Бар-Аво слышал поговорку раввинов, что один верный друг стоит целой армии поклонников, что глупцы любят обращаться ко многим людям, а мудрецы советуются лишь с теми, кому доверяют. Они неправы — раввины — в этом случае. В мирное время человек наслаждается выбором небольшого количества своих друзей. Во времена войны необходимо набираться любовью людей, как запасаются зерном, маслом и водой перед неблагоприятными временами. Друзья Бар-Аво — это его сокровищница. Они спасли его жизнь.
Пилат не обязан его отпустить, даже сейчас. Нет закона, по которому он должен слушаться людскому желанию, и нет никакого устава и указа из Рима, чтобы спрашивать их желания. Но Пилат слишком осторожен, чтобы воспротивиться толпе. Он, как в игре тали, бросил кости, надеясь на Венеру, а получил Стервятников.
Они, наконец-то, прорезают веревки Бар-Аво. Кожа на запястьях воспалилась, а руки онемели. На правой руке появился порез от ножа — они не осторожничали, разрезая, или, может, порезали его нарочно. Солдаты протолкали его за плечи к краю платформы и то ли сталкивают его вниз, то ли спускают. Он смотрит назад. Голова Иехошуа все так же поникнута. Они встречаются взглядами, когда Бар-Аво касается земли, и его друзья окружают его, обнимают и начинают хлопать и бить его по плечам.
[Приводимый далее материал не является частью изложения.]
section \<open>Integration and selections\<close>

lemma borel_measurable_continuous_on_comp:
  assumes "continuous_on A f" "g \<in> borel_measurable M" "\<And>x. x \<in> space M \<Longrightarrow> g x \<in> A"
  shows "(\<lambda>x. f (g x)) \<in> borel_measurable M"
proof -
  have "g \<in> measurable M (restrict_space borel A)"
    using assms(2,3) by (intro measurable_restrict_space2) auto
  then show ?thesis
    using measurable_comp borel_measurable_continuous_on_restrict[OF assms(1)]
    by (auto simp: comp_def)
qed

text \<open>No integrability is needed: a non-integrable function has Bochner integral 0.\<close>

lemma ennreal_integral_le_nn_integral:
  fixes f :: "'a \<Rightarrow> real"
  shows "ennreal (integral\<^sup>L M f) \<le> (\<integral>\<^sup>+ x. ennreal (f x) \<partial>M)"
proof (cases "(\<integral>\<^sup>+ x. ennreal (f x) \<partial>M) = \<top>")
  case False
  then obtain r where r: "(\<integral>\<^sup>+ x. ennreal (f x) \<partial>M) = ennreal r" "0 \<le> r"
    by (cases "\<integral>\<^sup>+ x. ennreal (f x) \<partial>M") auto
  then have "integral\<^sup>L M f \<le> r"
    by (intro integral_real_bounded) auto
  then show ?thesis
    using r by (simp add: ennreal_leI)
qed simp

lemma integral_sign_expect:
  assumes "finite I" "\<And>\<sigma>. \<sigma> \<in> I \<rightarrow>\<^sub>E {-1, 1} \<Longrightarrow> integrable M (f \<sigma>)"
  shows "(\<integral>x. sign_expect I (\<lambda>\<sigma>. f \<sigma> x) \<partial>M) = sign_expect I (\<lambda>\<sigma>. \<integral>x. f \<sigma> x \<partial>M)"
  unfolding sign_expect_def using assms by (simp add: integral_sum)

lemma sign_expect_SUP_le_of_selections:
  fixes A :: "(nat \<Rightarrow> real) \<Rightarrow> 'h \<Rightarrow> real"
  assumes "finite I" "H \<noteq> {}" "\<And>\<sigma>. \<sigma> \<in> I \<rightarrow>\<^sub>E {-1, 1} \<Longrightarrow> bdd_above (A \<sigma> ` H)"
    and selection: "\<And>s. (\<And>\<sigma>. \<sigma> \<in> I \<rightarrow>\<^sub>E {-1, 1} \<Longrightarrow> s \<sigma> \<in> H) \<Longrightarrow> sign_expect I (\<lambda>\<sigma>. A \<sigma> (s \<sigma>)) \<le> r"
  shows "sign_expect I (\<lambda>\<sigma>. SUP h\<in>H. A \<sigma> h) \<le> r"
proof (rule field_le_epsilon)
  fix e :: real assume "0 < e"
  have "\<exists>s. \<forall>\<sigma>\<in>I \<rightarrow>\<^sub>E {-1, 1}. s \<sigma> \<in> H \<and> (SUP h\<in>H. A \<sigma> h) - e < A \<sigma> (s \<sigma>)"
  proof (rule bchoice, rule ballI)
    fix \<sigma> assume "\<sigma> \<in> I \<rightarrow>\<^sub>E {-1, 1::real}"
    moreover have "(SUP h\<in>H. A \<sigma> h) - e < (SUP h\<in>H. A \<sigma> h)"
      using \<open>0 < e\<close> by simp
    ultimately show "\<exists>h. h \<in> H \<and> (SUP h\<in>H. A \<sigma> h) - e < A \<sigma> h"
      using less_cSUP_iff[OF assms(2,3)] by blast
  qed
  then obtain s where s: "\<And>\<sigma>. \<sigma> \<in> I \<rightarrow>\<^sub>E {-1, 1} \<Longrightarrow> s \<sigma> \<in> H \<and> (SUP h\<in>H. A \<sigma> h) - e < A \<sigma> (s \<sigma>)"
    by blast
  have "sign_expect I (\<lambda>\<sigma>. SUP h\<in>H. A \<sigma> h) \<le> sign_expect I (\<lambda>\<sigma>. A \<sigma> (s \<sigma>) + e)"
    using s by (intro sign_expect_mono) (simp add: less_imp_le algebra_simps)
  also have "\<dots> \<le> r + e"
    using selection s by (simp add: sign_expect_add_const assms(1))
  finally show "sign_expect I (\<lambda>\<sigma>. SUP h\<in>H. A \<sigma> h) \<le> r + e" .
qed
Бар-Аво говорит: «Мне очень жаль», и хоть его слова заглушаются шумом толпы, ему кажется, что, скорее всего, Иехошуа распознал его слова с губ и понял — из-за движения его головой. Как будто кивнул головой, как будто слегка улыбнулся, как будто всхлипнул вздохом плечей.
Его трогает этот неопределенный жест. Друзья тащат его, а он размышляет о том, должны ли они затеять освобождение Иехошуа, как стали бы делать так ради своих вожаков. Но подобные затеи слишком рискованы — они даже для него ничего не готовили. Они, скорее всего, потеряют двадцать человек ради спасения одного. Странно, на самом деле, что такая мысль пришла к нему, поскольку этот человек для него — никто. За исключением, конечно, того, что этот человек умрет за него, и чья смерть купила ему жизнь.
Он жил всю свою жизнь как раз наоборот тому, как жил свою жизнь Иехошуа, и вот почему он, Бар-Аво, жив, а Иехошуа умрет.
На мраморной площади, когда триумфально покидает он ее, остаются несколько плачущих мужчин и женщин. Он поворачивает свою голову опять, чтобы увидеть как уводят Иехошуа через железные ворота в подземелье, откуда его отвезут на место казни. Ворота быстро закрываются за ним, и Бараббас больше не видит лица.
Позже он сидит внизу у места, где казнят осужденных. Он сейчас — самый свободный бандит и убийца во всей Иудее, потому что сам Префект освободил его перед лицом многочисленной толпы, и он может идти туда, куда хочет и делать то, что нравится.
К тому же двое из казненных в этот день сражались с его людьми, воровали зерна и оружие у римлян. Он платит стражникам, чтобы те надрезали им запястья, когда вбивают гвоздья, и конец наступит быстрее, и он ждет, пока они не оседают смертью. Он забирает их тела для погребения до прихода вечера, как должно быть. Он уже сказал своим верным подчиненным принести кошельки с серебром семьям казненных. Так заводят друзей и остаются друзьями.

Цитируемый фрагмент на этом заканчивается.